Well, maybe, if overall quality, taste and texture are neglible.

I followed the directions, sort of, which is where the trouble began. I saw the asterisk that offered the alternative of substituting tapioca for corn starch. What I didn’t see was the additional info about not using any cherry juice at all. None.

And so I stirred and stirred, and the mixture bubbled and didn’t thicken.

In desperation I added the corn starch, one tablespoon at a time.

I could have started this part over, I had more cherry juice, but no, I stubbornly continued.

To further complicate matters, I decided on a lattice top, despite the fact that I don’t know how to create a lattice top. At this point I was tired and cranky and so over the whole 'I think I'll make a cherry pie' thing. I refused to search my cookbooks for directions. I figured I’d wing it, afterall, I'd logged in more than my share of time playing with Playdoh.

My husband’s daughter made a beautiful cherry pie with a lattice top the last time we visited. She made it look easy, but then, she has a flair for cooking and has made more than one pie in her life.

I fully expected my pie to result in an inedible, gelatinous mass, but it smelled good while baking, and didn't look as bad as it could have.

I warned my husband that things didn't exactly go according to recipe. Optimist that he is, he thought the pie would still be good, even if it looked a bit goofy.

It wasn't half bad, although we both agreed the flavor seemed a bit off. I'm guessing tomorrow it will have the consistency of solid Jello.

Labels:

Saturday, October 17, 2009

It wasn’t my husband’s sort of novel, which, despite his generous and patient nature, led to the occasional plaintive whine, “Is anything ever going to happen in this book?”

We’d exhausted our other audio book options within the second hour of a six day road trip.

The first novel seemed to be an overly melodramatic tale of a plucky young woman facing many obstacles in her life. Orphaned! Insists on working her way through college! Drawn to a mysterious man! Protects people who make stupid choices! Ignores the signs that someone dangerous is stalking her! We both found it difficult to feel drawn into the story, so wished her good luck with a roll of our eyes and moved on to audio book option number two.

The second novel went on and on, and on, about a bunch of guys in Detroit, circa 1970s. The young man who hitch-hikes to work at his father’s diner, the young men who debate going to listen to another guy’s new stereo, then go listen to his stereo and debate how good the speakers are, while tensions mount and violence looms.

Next.

I, for one, welcomed Pat Conroy’s engaging South of Broad , which offered us an in depth look at the lives of a group of friends in Charleston during the 1960s and the 1980s.

Fifteen unabridged CDs of depth.

Conroy is a master storyteller in the laconic southern style. You will learn far more than you ever wanted to know about these characters, but you just need to relax and follow the story as though you were floating on an inner tube down a lazy river on a hot day, or maybe driving along I 40.

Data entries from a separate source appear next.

(* Let $\mathcal{G}^0=(\mathcal V,\mathcal E^0)$ be a graph on $\mathcal V=\{1,\dots,N\}$ (not necessarily undirected) and let the packet-loss processes $\{\theta^{ij}_k\}$, $e^{ij}\in\mathcal E^0$, satisfy Assumption A. Then for every $k\ge 0$, $$\mathbb E\big[L_{\sigma_{k+1}}^\top L_{\sigma_{k+1}}\,\big|\,\sigma_k\big]=\mathbb E\big[L_{\sigma_{k+1}}\,\big|\,\sigma_k\big]^\top\,\mathbb E\big[L_{\sigma_{k+1}}\,\big|\,\sigma_k\big]+\mathcal V_k(\mathcal G)+\mathcal V_k(\mathcal G^\top),$$ where conditional expectations of random matrices are taken entrywise and $\mathcal V_k(\mathcal G),\mathcal V_k(\mathcal G^\top)$ are the conditional variance matrices defined in the context.
   Context: Graphs: $\mathcal G=(\mathcal V,\mathcal E)$ with $\mathcal V=\{1,\dots,N\}$, $\mathcal E\subseteq\mathcal V\times\mathcal V$, no self-loops; $e^{ij}:=(i,j)$ is read as an edge pointing from $j$ to $i$. In-neighbourhood $\mathcal N_i^-=\{j:e^{ij}\in\mathcal E\}$, out-neighbourhood $\mathcal N_i^+=\{j:e^{ji}\in\mathcal E\}$. The transposed graph $\mathcal G^\top$ has edge set $\{e^{ij}:e^{ji}\in\mathcal E\}$. The Laplacian $L(\mathcal G)=[l_{ij}]\in\mathbb Z^{N\times N}$ has $l_{ij}=-1$ if $i\neq j$ and $e^{ij}\in\mathcal E$, $l_{ij}=0$ if $i\ne j$ and $e^{ij}\notin\mathcal E$, and $l_{ii}=-\sum_{l\neq i}l_{il}$. Packet loss: for each $e^{ij}\in\mathcal E^0$ there is a $\{0,1\}$-valued process $\{\theta^{ij}_k\}_{k\ge0}$ ($1$ = successful transmission on $e^{ij}$ at time $k$). Let $\sigma_k:=(\theta^{ij}_k)_{e^{ij}\in\mathcal E^0}$ denote the joint state, $\mathcal G_{\sigma_k}:=(\mathcal V,\{e^{ij}\in\mathcal E^0:\theta^{ij}_k=1\})$, $L_{\sigma_k}:=L(\mathcal G_{\sigma_k})$, $L^0:=L(\mathcal G^0)$. Assumption A: there are numbers $p^{ij},q^{ij},\eta^{ij}\in[0,1]$ such that $\mathbb P(\theta^{ij}_0=1)=\eta^{ij}$; $\{\sigma_k\}$ is a Markov chain and, conditionally on $\sigma_k$, $\theta^{ij}_{k+1}=1$ with probability $p^{ij}$ if $\theta^{ij}_k=1$ and with probability $q^{ij}$ if $\theta^{ij}_k=0$; and the processes associated with distinct unordered pairs of vertices (i.e. $\theta^{ij}$ and $\theta^{rs}$ whenever $e^{rs}\notin\{e^{ij},e^{ji}\}$) are mutually independent. Conditional variance matrices: set $v^{ij}_k:=\operatorname{Var}[\theta^{ij}_{k+1}\mid\sigma_k]$ for $e^{ij}\in\mathcal E^0$ ($=\alpha(1-\alpha)$ with $\alpha=\mathbb E[\theta^{ij}_{k+1}\mid\sigma_k]$). $\mathcal V_k(\mathcal G)$ is the $N\times N$ matrix with off-diagonal entries $-v^{ij}_k$ if $e^{ij}\in\mathcal E^0$ and $0$ otherwise, and diagonal entries $\sum_{r\in\mathcal N_i^-}v^{ir}_k$ (the conditional variance of the $i$-th diagonal entry of $L(\mathcal G_{\sigma_{k+1}})$); $\mathcal V_k(\mathcal G^\top)$ is the analogous matrix for the transposed graph, i.e. off-diagonal $(i,j)$ entry $-v^{ji}_k$ if $e^{ji}\in\mathcal E^0$, else $0$, and diagonal entries $\sum_{s\in\mathcal N_i^+}v^{si}_k$ (neighbourhoods w.r.t. $\mathcal G^0$). (These are the weighted Laplacians of $\mathcal G^0$ and $(\mathcal G^0)^\top$ with edge weights $v^{ij}_k$.) *)

theory Defs
  imports "HOL-Probability.Probability"
begin

text \<open>Matrices are functions nat => nat => real, indexed over the vertex set {1..N}.\<close>

definition mtrans :: "(nat \<Rightarrow> nat \<Rightarrow> real) \<Rightarrow> nat \<Rightarrow> nat \<Rightarrow> real" where
  "mtrans A i j = A j i"

definition mmult :: "nat \<Rightarrow> (nat \<Rightarrow> nat \<Rightarrow> real) \<Rightarrow> (nat \<Rightarrow> nat \<Rightarrow> real) \<Rightarrow> nat \<Rightarrow> nat \<Rightarrow> real" where
  "mmult N A B i j = (\<Sum>l\<in>{1..N}. A i l * B l j)"

text \<open>Laplacian of the graph ({1..N}, E); (i,j) in E is the edge from j to i.\<close>
definition laplacian :: "nat \<Rightarrow> (nat \<times> nat) set \<Rightarrow> nat \<Rightarrow> nat \<Rightarrow> real" where
  "laplacian N E i j =
     (if i = j then real (card {l \<in> {1..N}. l \<noteq> i \<and> (i, l) \<in> E})
      else if (i, j) \<in> E then -1 else 0)"

definition edge_state :: "(nat \<times> nat) set \<Rightarrow> (nat \<times> nat \<Rightarrow> nat \<Rightarrow> 'a \<Rightarrow> real) \<Rightarrow> nat \<Rightarrow> 'a \<Rightarrow> (nat \<times> nat \<Rightarrow> real)" where
  "edge_state E0 \<theta> k \<omega> = (\<lambda>e. if e \<in> E0 then \<theta> e k \<omega> else 0)"

definition rand_edges :: "(nat \<times> nat) set \<Rightarrow> (nat \<times> nat \<Rightarrow> nat \<Rightarrow> 'a \<Rightarrow> real) \<Rightarrow> nat \<Rightarrow> 'a \<Rightarrow> (nat \<times> nat) set" where
  "rand_edges E0 \<theta> k \<omega> = {e \<in> E0. \<theta> e k \<omega> = 1}"

definition state_event :: "'a measure \<Rightarrow> (nat \<times> nat) set \<Rightarrow> (nat \<times> nat \<Rightarrow> nat \<Rightarrow> 'a \<Rightarrow> real) \<Rightarrow> nat \<Rightarrow> (nat \<times> nat \<Rightarrow> real) \<Rightarrow> 'a set" where
  "state_event M E0 \<theta> k s = {\<omega> \<in> space M. edge_state E0 \<theta> k \<omega> = s}"

text \<open>Since sigma_k takes finitely many values, E[X | sigma_k] on {sigma_k = s}
  (with P(sigma_k = s) > 0) equals this quantity with A = {sigma_k = s}.\<close>
definition cexp :: "'a measure \<Rightarrow> ('a \<Rightarrow> real) \<Rightarrow> 'a set \<Rightarrow> real" where
  "cexp M X A = (\<integral>\<omega>. indicator A \<omega> * X \<omega> \<partial>M) / measure M A"

definition cond_var_edge :: "'a measure \<Rightarrow> (nat \<times> nat) set \<Rightarrow> (nat \<times> nat \<Rightarrow> nat \<Rightarrow> 'a \<Rightarrow> real) \<Rightarrow> nat \<Rightarrow> (nat \<times> nat \<Rightarrow> real) \<Rightarrow> nat \<times> nat \<Rightarrow> real" where
  "cond_var_edge M E0 \<theta> k s e =
     (let \<alpha> = cexp M (\<theta> e (Suc k)) (state_event M E0 \<theta> k s) in \<alpha> * (1 - \<alpha>))"

definition var_mat :: "nat \<Rightarrow> (nat \<times> nat) set \<Rightarrow> (nat \<times> nat \<Rightarrow> real) \<Rightarrow> nat \<Rightarrow> nat \<Rightarrow> real" where
  "var_mat N E0 v i j =
     (if i = j then (\<Sum>r\<in>{r \<in> {1..N}. (i, r) \<in> E0}. v (i, r))
      else if (i, j) \<in> E0 then - v (i, j) else 0)"

definition var_mat_transp :: "nat \<Rightarrow> (nat \<times> nat) set \<Rightarrow> (nat \<times> nat \<Rightarrow> real) \<Rightarrow> nat \<Rightarrow> nat \<Rightarrow> real" where
  "var_mat_transp N E0 v i j =
     (if i = j then (\<Sum>s\<in>{s \<in> {1..N}. (s, i) \<in> E0}. v (s, i))
      else if (j, i) \<in> E0 then - v (j, i) else 0)"

end

theory Submission
  imports Defs
begin

(* Write the Laplacian of the random graph as L = sum_e theta^e L_e, where L_e is the Laplacian of
   the one-edge graph e. Then (L^T L)_ab = sum_(e,f) theta^e theta^f (L_e^T L_f)_ab. Conditionally on
   {sigma_k = s}, theta^e and theta^f are uncorrelated whenever e and f join different vertex pairs,
   because the event and both variables factor through independent pair blocks. Of the remaining
   terms, those with e <> f vanish (the two orientations of a pair have different tails, so
   L_e^T L_f = 0), and those with e = f leave v^e L_e^T L_e since theta^2 = theta. Finally
   sum_e v^e L_e^T L_e = V_k(G) + V_k(G^T). *)

lemma loop_free_edgeD:
  assumes "E \<subseteq> {1..N} \<times> {1..N}" "\<forall>i. (i, i) \<notin> E" "e \<in> E"
  shows "fst e \<noteq> snd e" "fst e \<in> {1..N}" "snd e \<in> {1..N}"
  using assms by (cases e; auto)+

At the heart of the story we have Leo King, a seventeen year old who seems to be hitting his stride after a troubled childhood. There is a tragic mystery at the core of Leo’s life, the inexplicable suicide of his golden child older brother. The death of his brother fractures the King family and results in Leo spending his adolescence in alienated anguish.

The dominant storyline shifts between Leo’s interactions with nine new friends of differing backgrounds, and the events that unfold twenty years later when this group is reunited with a common goal.

The reader of the audio book version does an excellent job of portraying the various characters, most of whom are individualistic and flawed. Conroy writes of Charleston and its residents like a beloved friend, cherishing a rich history that also holds them captive.